Junkins v. Mulligan

248 P. 517 | Cal. | 1926

Emma L. O'Neil Kirby died on the fifth day of May, 1924, leaving a last will and testament which was duly admitted to probate in the superior court of the city and county of San Francisco. A portion of the third paragraph of said will reads as follows: "3rd. I hereby direct that all of the estate of which I may die seized or possessed be sold as soon as possible after my death, the proceeds of said sale I hereby devise and bequeath as follows: 1. One third (1/3) thereof to Rev. Patrick Mulligan of St. Joseph's Church, San Francisco, California, to do with as he sees fit." Then follows a bequest of $500 to Jessie Weigmore, a second bequest of $500 to Rev. Patrick Mulligan "for masses for the repose of my soul and the souls of the members of my family," a bequest of $300 to Abbie Bone and finally all the rest and residue of the estate to Maud Junkins, whom the testatrix appointed executrix of her will. At the time of her death the estate consisted of the sum of $20 in money and a parcel of improved real property situated in the city and county of San Francisco, which was subject to a mortgage given to secure the payment of a promissory note for $2,100. During the administration of the estate the executrix, prior to the sale of said real property, collected $869.50 in rents therefrom. The real property was sold by said executrix for $9,000 and after deducting the amount of the mortgage the estate received therefrom the sum of $6,900. The total amount of money, therefore, which came into the hands of said executrix *137 was the sum of $7,789.50. The debts of said deceased and the expenses of administration amounted to $1,814.12, which, deducted from the total amount of money received by said executrix, left for distribution the sum of $5,975.38. This amount was distributed by the probate court as follows:

"To Rev.
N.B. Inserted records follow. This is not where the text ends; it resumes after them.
lemma measure_bind_pmf_le_add:
  fixes M :: "'a pmf" and f :: "'a \<Rightarrow> 'b pmf"
  assumes bad: "measure_pmf.prob M {x. \<not> P x} \<le> a" and "0 \<le> q"
    and good: "\<And>x. x \<in> set_pmf M \<Longrightarrow> P x \<Longrightarrow> measure_pmf.prob (f x) B \<le> q"
  shows "measure_pmf.prob (bind_pmf M f) B \<le> a + q"
proof -
  have "measure_pmf.prob (bind_pmf M f) B = measure_pmf.expectation M (\<lambda>x. measure_pmf.prob (f x) B)"
    unfolding measure_pmf_bind
    by (rule measure_pmf.measure_bind[where N="count_space UNIV"]) (auto simp: measure_pmf_in_subprob_space)
  also have "\<dots> \<le> measure_pmf.expectation M (\<lambda>x. indicator {x. \<not> P x} x + q)"
  proof (rule integral_mono_AE)
    show "integrable (measure_pmf M) (\<lambda>x. measure_pmf.prob (f x) B)"
      by (rule measure_pmf.integrable_const_bound[where B=1]) auto
    show "integrable (measure_pmf M) (\<lambda>x. indicator {x. \<not> P x} x + q)"
      by (rule measure_pmf.integrable_const_bound[where B="1 + \<bar>q\<bar>"]) (auto simp: indicator_def)
    show "AE x in measure_pmf M. measure_pmf.prob (f x) B \<le> indicator {x. \<not> P x} x + q"
      using good \<open>0 \<le> q\<close>
      by (intro AE_pmfI) (auto simp: indicator_def intro: order.trans[OF measure_pmf.prob_le_1])
  qed
  also have "\<dots> = measure_pmf.prob M {x. \<not> P x} + q"
    by (subst Bochner_Integration.integral_add) (auto intro!: measure_pmf.integrable_const_bound[where B=1])
  finally show ?thesis
    using bad by simp
qed

lemma prob_em_traj_blue_volume_low:
  assumes sym: "\<And>u v. E u v = E v u" and p: "0 \<le> p" "p \<le> 1" and m: "0 < m"
    and deg: "\<And>u. u \<in> {1..n} \<Longrightarrow> m \<le> real (deg E n u)" and n: "1 \<le> n" and \<epsilon>: "0 \<le> \<epsilon>"
  shows "measure_pmf.prob (em_traj p E n X0 t)
      {\<omega>. vol E n (blue n (\<omega> t)) < (1 - (1 - p) ^ t - real t * \<epsilon>) * vol E n {1..n}}
    \<le> real t * exp (-2 * \<epsilon>\<^sup>2 * m)"
proof (induction t)
  case 0
  show ?case
    by (simp add: vol_nonneg not_less)
next
  case (Suc t)
  define D where "D = vol E n {1..n}"
  define L where "L s = (1 - (1 - p) ^ s - real s * \<epsilon>) * D" for s
  let ?e = "exp (-2 * \<epsilon>\<^sup>2 * m)"
  have L_Suc: "L (Suc t) \<le> p * D + (1 - p) * v - \<epsilon> * D" if "L t \<le> v" for v
  proof -
    have "(1 - p) * L t \<le> (1 - p) * v"
      using that p by (intro mult_left_mono) auto
    moreover have "0 \<le> p * (real t * \<epsilon> * D)"
      using p \<epsilon> vol_nonneg[of E n "{1..n}"] by (simp add: D_def)
    ultimately show ?thesis
      by (simp add: L_def algebra_simps)
  qed
  have "measure_pmf.prob (em_traj p E n X0 (Suc t)) {\<omega>. vol E n (blue n (\<omega> (Suc t))) < L (Suc t)}
      \<le> real t * ?e + ?e"
    unfolding em_traj.simps
  proof (rule measure_bind_pmf_le_add[where P = "\<lambda>\<omega>. L t \<le> vol E n (blue n (\<omega> t))"])
    show "measure_pmf.prob (em_traj p E n X0 t) {\<omega>. \<not> L t \<le> vol E n (blue n (\<omega> t))} \<le> real t * ?e"
      using Suc.IH by (simp add: L_def D_def not_le)
    fix \<omega> assume "L t \<le> vol E n (blue n (\<omega> t))"
    then have "{Y. vol E n (blue n Y) < L (Suc t)}
        \<subseteq> {Y. vol E n (blue n Y) \<le> p * D + (1 - p) * vol E n (blue n (\<omega> t)) - \<epsilon> * D}"
      by (auto dest: L_Suc)
    then have "measure_pmf.prob (em_step p E n (\<omega> t)) {Y. vol E n (blue n Y) < L (Suc t)}
        \<le> measure_pmf.prob (em_step p E n (\<omega> t))
            {Y. vol E n (blue n Y) \<le> p * D + (1 - p) * vol E n (blue n (\<omega> t)) - \<epsilon> * D}"
      by (rule measure_pmf.finite_measure_mono) simp
    also have "\<dots> \<le> ?e"
      unfolding D_def by (rule prob_em_step_blue_volume_deficit[OF sym p m deg n \<epsilon>])
    finally show "measure_pmf.prob (map_pmf (\<lambda>Y. fun_upd \<omega> (Suc t) Y) (em_step p E n (\<omega> t)))
        {\<omega>'. vol E n (blue n (\<omega>' (Suc t))) < L (Suc t)} \<le> ?e"
      by (simp add: vimage_def)
  qed simp
  then show ?case
    by (simp add: L_def D_def algebra_simps)
qed

lemma prob_em_traj_tau_le_lower:
  assumes sym: "\<And>u v. E u v = E v u" and p: "0 \<le> p" "p \<le> 1" and m: "0 < m"
    and deg: "\<And>u. u \<in> {1..n} \<Longrightarrow> m \<le> real (deg E n u)" and n: "1 \<le> n" and \<epsilon>: "0 \<le> \<epsilon>"
    and margin: "(1 - p) ^ T + real T * \<epsilon> < 1 / 2"
  shows "1 - real T * exp (-2 * \<epsilon>\<^sup>2 * m) \<le> measure_pmf.prob (em_traj p E n X0 T) (tau_le E n T)"
proof -
  define D where "D = vol E n {1..n}"
  define bad where "bad = {\<omega>. vol E n (blue n (\<omega> T)) < (1 - (1 - p) ^ T - real T * \<epsilon>) * D}"
  have "0 < real (deg E n 1)"
    using deg[of 1] m n by simp
  also have "\<dots> \<le> D"
    unfolding D_def vol_def using n by (intro member_le_sum) auto
  finally have D_pos: "0 < D" .
  have "- bad \<subseteq> tau_le E n T"
  proof
    fix \<omega> assume "\<omega> \<in> - bad"
    then have "(1 - (1 - p) ^ T - real T * \<epsilon>) * D \<le> vol E n (blue n (\<omega> T))"
      by (simp add: bad_def)
    moreover have "1 / 2 * D < (1 - (1 - p) ^ T - real T * \<epsilon>) * D"
      using margin D_pos by (intro mult_strict_right_mono) auto
    ultimately show "\<omega> \<in> tau_le E n T"
      using D_pos unfolding tau_le_def D_def by (auto simp: field_simps)
  qed
  then have "1 - measure_pmf.prob (em_traj p E n X0 T) bad
      \<le> measure_pmf.prob (em_traj p E n X0 T) (tau_le E n T)"
    using measure_pmf.prob_compl[of bad] measure_pmf.finite_measure_mono[of "- bad"]
    by (simp add: Compl_eq_Diff_UNIV)
  moreover have "measure_pmf.prob (em_traj p E n X0 T) bad \<le> real T * exp (-2 * \<epsilon>\<^sup>2 * m)"
    unfolding bad_def D_def by (rule prob_em_traj_blue_volume_low[OF sym p m deg n \<epsilon>])
  ultimately show ?thesis
    by linarith
qed

lemma eventually_prob_em_traj_tau_le_lower:
  assumes sym: "\<forall>n u v. G n u v = G n v u" and p: "0 \<le> p" "p \<le> 1" and \<epsilon>: "0 \<le> \<epsilon>"
    and margin: "(1 - p) ^ T + real T * \<epsilon> < 1 / 2"
    and deg: "eventually (\<lambda>n. \<forall>u\<in>{1..n}. ln (real n) \<le> real (deg (G n) n u)) sequentially"
  shows "eventually (\<lambda>n. 1 - real T * exp (-2 * \<epsilon>\<^sup>2 * ln (real n))
      \<le> measure_pmf.prob (em_traj p (G n) n (X0 n) T) (tau_le (G n) n T)) sequentially"
  using deg eventually_ge_at_top[of 2]
proof eventually_elim
  case (elim n)
  have sym_n: "\<And>u v. G n u v = G n v u"
    using sym by simp
  have deg_n: "\<And>u. u \<in> {1..n} \<Longrightarrow> ln (real n) \<le> real (deg (G n) n u)"
    using elim(1) by simp
  have ln_pos: "0 < ln (real n)" and n_pos: "1 \<le> n"
    using elim(2) by simp_all
  show ?case
    by (rule prob_em_traj_tau_le_lower[OF sym_n p ln_pos deg_n n_pos \<epsilon> margin])
qed

theorem proposition6p1:
  fixes p :: real
  assumes "0 < p" and "p \<le> 1"
  shows "\<exists>T::nat. \<forall>(G :: nat \<Rightarrow> nat \<Rightarrow> nat \<Rightarrow> bool) (X0 :: nat \<Rightarrow> nat \<Rightarrow> bool).
     (\<forall>n u v. G n u v = G n v u) \<longrightarrow>
     (\<forall>n u. \<not> G n u u) \<longrightarrow>
     (\<forall>C>0. eventually (\<lambda>n. \<forall>u\<in>{1..n}. real (deg (G n) n u) \<ge> C * ln (real n)) sequentially) \<longrightarrow>
     (\<lambda>n. measure_pmf.prob (em_traj p (G n) n (X0 n) T) (tau_le (G n) n T))
       \<longlonglongrightarrow> 1"
proof -
  obtain T :: nat where T: "(1 - p) ^ T < 1 / 4"
    using real_arch_pow_inv[of "1 / 4" "1 - p"] assms by auto
  define \<epsilon> :: real where "\<epsilon> = 1 / (8 * (real T + 1))"
  have \<epsilon>: "0 < \<epsilon>" and "real T * \<epsilon> \<le> 1 / 8"
    by (simp_all add: \<epsilon>_def field_simps)
  with T have margin: "(1 - p) ^ T + real T * \<epsilon> < 1 / 2"
    by linarith
  show ?thesis
  proof (intro exI allI impI)
    fix G :: "nat \<Rightarrow> nat \<Rightarrow> nat \<Rightarrow> bool" and X0 :: "nat \<Rightarrow> nat \<Rightarrow> bool"
    assume sym: "\<forall>n u v. G n u v = G n v u"
      and deg: "\<forall>C>0. eventually (\<lambda>n. \<forall>u\<in>{1..n}. real (deg (G n) n u) \<ge> C * ln (real n)) sequentially"
    let ?P = "\<lambda>n. measure_pmf.prob (em_traj p (G n) n (X0 n) T) (tau_le (G n) n T)"
    have "eventually (\<lambda>n. 1 - real T * exp (-2 * \<epsilon>\<^sup>2 * ln (real n)) \<le> ?P n) sequentially"
      using deg[rule_format, OF zero_less_one] assms \<epsilon> margin sym
      by (intro eventually_prob_em_traj_tau_le_lower) simp_all
    moreover have "eventually (\<lambda>n. ?P n \<le> 1) sequentially"
      by simp
    moreover have "(\<lambda>n. 1 - real T * exp (-2 * \<epsilon>\<^sup>2 * ln (real n))) \<longlonglongrightarrow> 1"
      using \<epsilon> by real_asymp
    ultimately show "?P \<longlonglongrightarrow> 1"
      using tendsto_const by (rule tendsto_sandwich)
  qed
qed

end
(* Let $(d_i)_{i\ge1}$ be an infinite alternate Lyndon word, $M$ its alternate Lyndon system, $L_M$ its language and $H_n$ the number of words of length $n$ in $L_M$. Let $A(n)=a_1\cdots a_n$ and $B(n)=b_1\cdots b_n$ be two words of length $n$ in $L_M$ with $A(n)\prec B(n)$, and let $\Gamma_{A,B}(n)$ be the cardinality of the set of words $X=x_1\cdots x_n\in L_M$ of length $n$ with $A(n)\preceq X\preceq B(n)$. Then $$\Gamma_{A,B}(n)=\sum_{i=1}^{n}(-1)^i(b_i-a_i)H_{n-i}+1.$$
   Context: Alternate order: for two words $x=x_1x_2\cdots$, $y=y_1y_2\cdots$ (both infinite, or both finite of the same length) over a finite alphabet $\{0,\dots,d\}$, $x\prec y$ iff there is $k$ with $x_i=y_i$ for all $i<k$ and $(-1)^k(x_k-y_k)<0$; $x\preceq y$ iff $x=y$ or $x\prec y$. An alternate Lyndon word is an infinite word $(d_i)_{i\ge1}$ with $d_1d_2\cdots\preceq d_nd_{n+1}\cdots$ for all $n\ge1$. Its alternate Lyndon system $M$ is the set of infinite words $x_1x_2\cdots$ over $\{0,\dots,d_1\}$ with $d_1d_2\cdots\preceq x_kx_{k+1}\cdots$ for all $k\ge1$; $L_M$ is the set of finite factors of elements of $M$; $H_0=1$. *)

theory Defs
  imports Main
begin

text \<open>Infinite words are functions nat => nat, with x 0 the first letter x_1.
  Finite words are lists, with w ! 0 the first letter w_1.
  The 0-based position k corresponds to the 1-based position k+1, hence the
  sign (-1)^(k+1).\<close>

definition alt_less_inf :: "(nat \<Rightarrow> nat) \<Rightarrow> (nat \<Rightarrow> nat) \<Rightarrow> bool" where
  "alt_less_inf x y \<longleftrightarrow>
     (\<exists>k. (\<forall>i<k. x i = y i) \<and> (-1::int)^(k+1) * (int (x k) - int (y k)) < 0)"

definition alt_le_inf :: "(nat \<Rightarrow> nat) \<Rightarrow> (nat \<Rightarrow> nat) \<Rightarrow> bool" where
  "alt_le_inf x y \<longleftrightarrow> x = y \<or> alt_less_inf x y"

definition alt_less :: "nat list \<Rightarrow> nat list \<Rightarrow> bool" where
  "alt_less x y \<longleftrightarrow> length x = length y \<and>
     (\<exists>k<length x. (\<forall>i<k. x ! i = y ! i) \<and> (-1::int)^(k+1) * (int (x ! k) - int (y ! k)) < 0)"

definition alt_le :: "nat list \<Rightarrow> nat list \<Rightarrow> bool" where
  "alt_le x y \<longleftrightarrow> x = y \<or> alt_less x y"

definition shift :: "(nat \<Rightarrow> nat) \<Rightarrow> nat \<Rightarrow> nat \<Rightarrow> nat" where
  "shift x n = (\<lambda>i. x (i + n))"

definition alt_lyndon :: "(nat \<Rightarrow> nat) \<Rightarrow> bool" where
  "alt_lyndon d \<longleftrightarrow> (\<forall>n. alt_le_inf d (shift d n))"

definition alt_lyndon_system :: "(nat \<Rightarrow> nat) \<Rightarrow> (nat \<Rightarrow> nat) set" where
  "alt_lyndon_system d = {x. (\<forall>i. x i \<le> d 0) \<and> (\<forall>k. alt_le_inf d (shift x k))}"

definition lang :: "(nat \<Rightarrow> nat) \<Rightarrow> nat list set" where
  "lang d = {w. \<exists>x\<in>alt_lyndon_system d. \<exists>k. w = map x [k..<k + length w]}"

definition H :: "(nat \<Rightarrow> nat) \<Rightarrow> nat \<Rightarrow> nat" where
  "H d n = card {w \<in> lang d. length w = n}"
lemma kron_mat_mult_vec_index:
  assumes "A \<in> carrier_mat m r" and "B \<in> carrier_mat n s" and "a < m" and "b < n"
  shows "(kron_mat A B *\<^sub>v vec (r * s) (\<lambda>j. v (j div s) (j mod s))) $ (a * n + b) =
    (\<Sum>a'<r. A $$ (a, a') * (\<Sum>b'<s. B $$ (b, b') * v a' b'))"
proof -
  have i: "a * n + b < m * n"
    using assms(3,4) by (rule mult_add_less_mult)
  have "(kron_mat A B *\<^sub>v vec (r * s) (\<lambda>j. v (j div s) (j mod s))) $ (a * n + b) =
      (\<Sum>j<r * s. kron_mat A B $$ (a * n + b, j) * v (j div s) (j mod s))"
    using assms i by (simp add: kron_mat_def scalar_prod_def lessThan_atLeast0)
  also have "\<dots> = (\<Sum>a'<r. \<Sum>b'<s. kron_mat A B $$ (a * n + b, a' * s + b') * v a' b')"
    by (simp add: sum_lessThan_mult_split)
  also have "\<dots> = (\<Sum>a'<r. \<Sum>b'<s. A $$ (a, a') * (B $$ (b, b') * v a' b'))"
  proof (intro sum.cong refl)
    fix a' b' assume "a' \<in> {..<r}" and b': "b' \<in> {..<s}"
    then have "a' * s + b' < r * s"
      by (simp add: mult_add_less_mult)
    then show "kron_mat A B $$ (a * n + b, a' * s + b') * v a' b' = A $$ (a, a') * (B $$ (b, b') * v a' b')"
      using assms i b' by (simp add: kron_mat_def mult.assoc)
  qed
  finally show ?thesis
    by (simp add: sum_distrib_left)
qed

lemma jordan_block_1_row_sum:
  assumes "a < n"
  shows "(\<Sum>a'<n. jordan_block n (1::'a::comm_ring_1) $$ (a, a') * h a') =
    h a + (if Suc a < n then h (Suc a) else 0)"
proof -
  have "(\<Sum>a'<n. jordan_block n (1::'a) $$ (a, a') * h a') =
      (\<Sum>a'<n. (if a' = a then h a' else 0) + (if a' = Suc a then h a' else 0))"
    using assms by (intro sum.cong) auto
  also have "\<dots> = h a + (if Suc a < n then h (Suc a) else 0)"
    using assms by (simp add: sum.distrib)
  finally show ?thesis .
qed

lemma diag_block_mat_replicate:
  fixes B :: "'a::semiring_1 mat"
  assumes "B \<in> carrier_mat s s"
  shows "diag_block_mat (replicate r B) = kron_mat (1\<^sub>m r) B"
proof (induction r)
  case 0
  show ?case
    by (rule eq_matI) simp_all
next
  case (Suc r)
  have D: "kron_mat (1\<^sub>m r) B \<in> carrier_mat (r * s) (r * s)"
    using assms by simp
  have "diag_block_mat (replicate (Suc r) B) =
      four_block_mat B (0\<^sub>m s (r * s)) (0\<^sub>m (r * s) s) (kron_mat (1\<^sub>m r) B)"
    using assms D Suc by (simp add: Let_def)
  also have "\<dots> = kron_mat (1\<^sub>m (Suc r)) B"
  proof (rule eq_matI)
    fix i j assume "i < dim_row (kron_mat (1\<^sub>m (Suc r)) B)" "j < dim_col (kron_mat (1\<^sub>m (Suc r)) B)"
    then have ij: "i < Suc r * s" "j < Suc r * s"
      using assms by auto
    then have s: "s > 0"
      by (cases s) auto
    have shift: "k \<ge> s \<Longrightarrow> k div s = Suc ((k - s) div s) \<and> k mod s = (k - s) mod s" for k
      using s by (simp add: le_div_geq le_mod_geq)
    have dims: "dim_row B = s" "dim_col B = s"
      using assms by auto
    have divs: "i div s < Suc r" "j div s < Suc r"
      using ij by (simp_all add: less_mult_imp_div_less)
    consider "i < s" "j < s" | "i < s" "s \<le> j" | "s \<le> i" "j < s" | "s \<le> i" "s \<le> j"
      by linarith
    then show "four_block_mat B (0\<^sub>m s (r * s)) (0\<^sub>m (r * s) s) (kron_mat (1\<^sub>m r) B) $$ (i, j) =
        kron_mat (1\<^sub>m (Suc r)) B $$ (i, j)"
    proof cases
      case 4
      then have "i - s < r * s" "j - s < r * s"
        using ij by simp_all
      then show ?thesis
        using 4 ij divs shift[of i] shift[of j] by (simp add: dims less_mult_imp_div_less)
    qed (use ij divs shift[of i] shift[of j] s in \<open>auto simp: dims\<close>)
  qed (use assms D in auto)
  finally show ?case .
qed
theorem mainTheorem5:
  fixes N :: nat
  assumes "N \<ge> 4"
  shows "(\<forall>i<N. prob_space.variance (node_pos N) (lbar N i) = 1/12)
    \<and> (\<forall>i<N. AE x in node_pos N.
          cond_var (node_pos N) (vimage_algebra (space (node_pos N)) (lbar N i) borel) (dl N i) x
            = (real N - 1) / (real N)\<^sup>2 * (1/12))
    \<and> (AE w in edge_space N.
          cond_var (edge_space N)
             (vimage_algebra (space (edge_space N)) (\<lambda>(x, I). lbar N I x) borel)
             (\<lambda>(x, I). dl N I x) w
            = (real N - 1) / (12 * (real N)\<^sup>2))
    \<and> (\<integral>w. cond_var (edge_space N)
             (vimage_algebra (space (edge_space N)) (\<lambda>(x, I). lbar N I x) borel)
             (\<lambda>(x, I). dl N I x) w \<partial>edge_space N)
            = (real N - 1) / (12 * (real N)\<^sup>2)"
proof -
  interpret edge_space: prob_space "edge_space N"
    using assms by (intro prob_space_edge_space) simp
  have "(\<integral>w. cond_var (edge_space N)
             (vimage_algebra (space (edge_space N)) (\<lambda>(x, I). lbar N I x) borel)
             (\<lambda>(x, I). dl N I x) w \<partial>edge_space N)
      = (\<integral>w. (real N - 1) / (12 * (real N)\<^sup>2) \<partial>edge_space N)"
    using AE_cond_var_dl_edge_space[OF assms] by (intro integral_cong_AE) (simp_all add: cond_var_def)
  then show ?thesis
    using assms variance_lbar AE_cond_var_dl AE_cond_var_dl_edge_space by (simp add: edge_space.prob_space)
qed

end
lemma inversion_asymmetric_interval:
  fixes L R S0 :: real
  assumes S0: "L < S0" "S0 < R" and asym: "2 * S0 \<noteq> L + R"
  defines "p0 \<equiv> (L * R - S0^2) / (L + R - 2 * S0)"
  defines "K0 \<equiv> (L - p0) * (R - p0)"
  shows "interval_inversion {L<..<R} S0 \<phi> \<longleftrightarrow> (\<forall>y\<in>{L<..<R}. \<phi> y = mob p0 K0 y)"
proof
  assume inv: "interval_inversion {L<..<R} S0 \<phi>"
  then have into: "\<forall>y\<in>{L<..<R}. \<phi> y \<in> {L<..<R}" by (simp add: interval_inversion_def)
  have "S0 \<in> {L<..<R}" using S0 by simp
  from interval_inversion_normal_form[OF inv this] show "\<forall>y\<in>{L<..<R}. \<phi> y = mob p0 K0 y"
  proof
    assume "\<exists>p K. K > 0 \<and> p \<notin> {L<..<R} \<and> (S0 - p)^2 = K \<and> (\<forall>y\<in>{L<..<R}. \<phi> y = mob p K y)"
    then obtain p K where pK: "K > 0" "p \<notin> {L<..<R}" "(S0 - p)^2 = K"
      and eq: "\<forall>y\<in>{L<..<R}. \<phi> y = mob p K y" by blast
    have "p * (L + R - 2 * S0) = L * R - S0^2"
      using pole_equation[OF _ pK] into eq S0 by simp
    then have "p = p0" using asym by (simp add: p0_def field_simps)
    moreover have "K = K0"
      using pK(3) asymmetric_pole(1)[OF S0 asym] \<open>p = p0\<close> by (simp add: K0_def p0_def)
    ultimately show ?thesis using eq by simp
  next
    assume "\<forall>y\<in>{L<..<R}. \<phi> y = 2 * S0 - y"
    then have "2 * S0 = L + R" using into reflection_maps_interval_iff[of L R S0] S0 by simp
    with asym show ?thesis by simp
  qed
next
  assume eq: "\<forall>y\<in>{L<..<R}. \<phi> y = mob p0 K0 y"
  note pole = asymmetric_pole[OF S0 asym, folded p0_def, folded K0_def]
  have "p0 \<notin> {L<..<R}" using pole(3) by auto
  moreover have "\<forall>y\<in>{L<..<R}. mob p0 K0 y \<in> {L<..<R}"
    using mob_maps_interval_iff[of L R K0 p0] pole \<open>p0 \<notin> {L<..<R}\<close> S0 by (simp add: K0_def)
  ultimately show "interval_inversion {L<..<R} S0 \<phi>"
    using interval_inversion_mobI[OF pole(2)] pole(1) eq S0 by simp
qed

lemma inversion_right_halfline:
  fixes L S0 :: real
  assumes S0: "L < S0"
  shows "interval_inversion {L<..} S0 \<phi> \<longleftrightarrow> (\<forall>y\<in>{L<..}. \<phi> y = mob L ((S0 - L)^2) y)"
proof
  assume inv: "interval_inversion {L<..} S0 \<phi>"
  then have into: "\<forall>y>L. L < \<phi> y" by (simp add: interval_inversion_def)
  have "S0 \<in> {L<..}" using S0 by simp
  from interval_inversion_normal_form[OF inv this] show "\<forall>y\<in>{L<..}. \<phi> y = mob L ((S0 - L)^2) y"
  proof
    assume "\<exists>p K. K > 0 \<and> p \<notin> {L<..} \<and> (S0 - p)^2 = K \<and> (\<forall>y\<in>{L<..}. \<phi> y = mob p K y)"
    then obtain p K where pK: "K > 0" "p \<notin> {L<..}" "(S0 - p)^2 = K"
      and eq: "\<forall>y\<in>{L<..}. \<phi> y = mob p K y" by blast
    have "p \<le> L" using pK(2) by simp
    have "p = L" using mob_maps_right_halfline_iff[OF pK(1) \<open>p \<le> L\<close>] into eq by simp
    then show ?thesis using pK(3) eq by simp
  next
    assume "\<forall>y\<in>{L<..}. \<phi> y = 2 * S0 - y"
    then have "\<phi> (2 * S0 - L) = L" using S0 by simp
    then show ?thesis using into[rule_format, of "2 * S0 - L"] S0 by simp
  qed
next
  assume eq: "\<forall>y\<in>{L<..}. \<phi> y = mob L ((S0 - L)^2) y"
  have "\<forall>y>L. L < mob L ((S0 - L)^2) y" using mob_maps_right_halfline_iff[of "(S0 - L)^2" L L] S0 by simp
  then show "interval_inversion {L<..} S0 \<phi>"
    using interval_inversion_mobI[of "(S0 - L)^2" L "{L<..}" S0 \<phi>] eq S0 by simp
qed
lemma periodic_oscillation_le_integral:
  fixes w g :: "real \<Rightarrow> real"
  assumes ac: "abs_cont_on {a..b} w" and per: "w a = w b"
    and gint: "g integrable_on {a..b}" and gnn: "\<And>t. t \<in> {a..b} \<Longrightarrow> g t \<ge> 0"
    and der: "AE t in lebesgue. t \<in> {a..b} \<longrightarrow>
       (\<exists>D. (w has_real_derivative D) (at t within {a..b}) \<and> D \<le> g t)"
    and s: "s \<in> {a..b}" and t: "t \<in> {a..b}"
  shows "w s - w t \<le> integral {a..b} g"
proof -
  have incr: "w y - w x \<le> integral {x..y} g" if xy: "a \<le> x" "x \<le> y" "y \<le> b" for x y
  proof (rule abs_cont_on_increment_le_integral)
    show "abs_cont_on {x..y} w" using ac by (rule abs_cont_on_subset) (use xy in auto)
    show "g integrable_on {x..y}" using gint by (rule integrable_on_subinterval) (use xy in auto)
    show "AE \<tau> in lebesgue. \<tau> \<in> {x..y} \<longrightarrow>
       (\<exists>D. (w has_real_derivative D) (at \<tau> within {x..y}) \<and> D \<le> g \<tau>)"
      using der by eventually_elim (use xy in \<open>force intro: DERIV_subset\<close>)
  qed (use xy gnn in auto)
  have mono: "integral {x..y} g \<le> integral {a..b} g" if "a \<le> x" "y \<le> b" for x y
    using that gnn by (intro integral_subset_le integrable_on_subinterval[OF gint]) auto
  show ?thesis
  proof (cases "t \<le> s")
    case True
    then show ?thesis using incr[of t s] mono[of t s] s t by auto
  next
    case False
    have "integral {a..s} g + integral {s..b} g = integral {a..b} g"
      using s by (intro Henstock_Kurzweil_Integration.integral_combine gint) auto
    moreover have "integral {t..b} g \<le> integral {s..b} g"
      using s t gnn False by (intro integral_subset_le integrable_on_subinterval[OF gint]) auto
    ultimately show ?thesis using incr[of a s] incr[of t b] s t per by auto
  qed
qed

lemma lipschitz_of_derivative_bound:
  fixes g g' :: "real \<Rightarrow> real"
  assumes "\<And>t. t \<in> {a..b} \<Longrightarrow> (g has_real_derivative g' t) (at t within {a..b})"
    and "\<And>t. t \<in> {a..b} \<Longrightarrow> \<bar>g' t\<bar> \<le> B" and "x \<in> {a..b}" "y \<in> {a..b}"
  shows "\<bar>g x - g y\<bar> \<le> B * \<bar>x - y\<bar>"
  using field_differentiable_bound[of "{a..b}" g g' B x y] assms by auto

lemma abs_cont_on_continuous_derivative:
  fixes g g' :: "real \<Rightarrow> real"
  assumes der: "\<And>t. t \<in> {a..b} \<Longrightarrow> (g has_real_derivative g' t) (at t within {a..b})"
    and cont: "continuous_on {a..b} g'"
  shows "abs_cont_on {a..b} g"
proof -
  have "bounded (g' ` {a..b})" by (rule compact_imp_bounded[OF compact_continuous_image[OF cont compact_Icc]])
  then obtain B where B: "\<And>t. t \<in> {a..b} \<Longrightarrow> \<bar>g' t\<bar> \<le> B"
    unfolding bounded_iff by fastforce
  show ?thesis
  proof (rule abs_cont_on_lipschitz[of "\<bar>B\<bar> + 1"])
    fix x y assume "x \<in> {a..b}" "y \<in> {a..b}"
    then have "\<bar>g x - g y\<bar> \<le> B * \<bar>x - y\<bar>" using lipschitz_of_derivative_bound[OF der B] by blast
    also have "\<dots> \<le> (\<bar>B\<bar> + 1) * \<bar>x - y\<bar>" by (intro mult_right_mono) auto
    finally show "\<bar>g x - g y\<bar> \<le> (\<bar>B\<bar> + 1) * \<bar>x - y\<bar>" .
  qed simp
qed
Patrick Mulligan ................. $3,000.00 To Mrs. Jessie Weigmore .................. 500.00 To Rev. Patrick Mulligan for masses for the repose of the soul of said deceased and for the repose of the souls of the members of her family ................... 500.00 To Abbie Bone ............................ 300.00 To Maud Junkins, the remainder ........... 1,675.38 _________ Total ................................ $5,975.38"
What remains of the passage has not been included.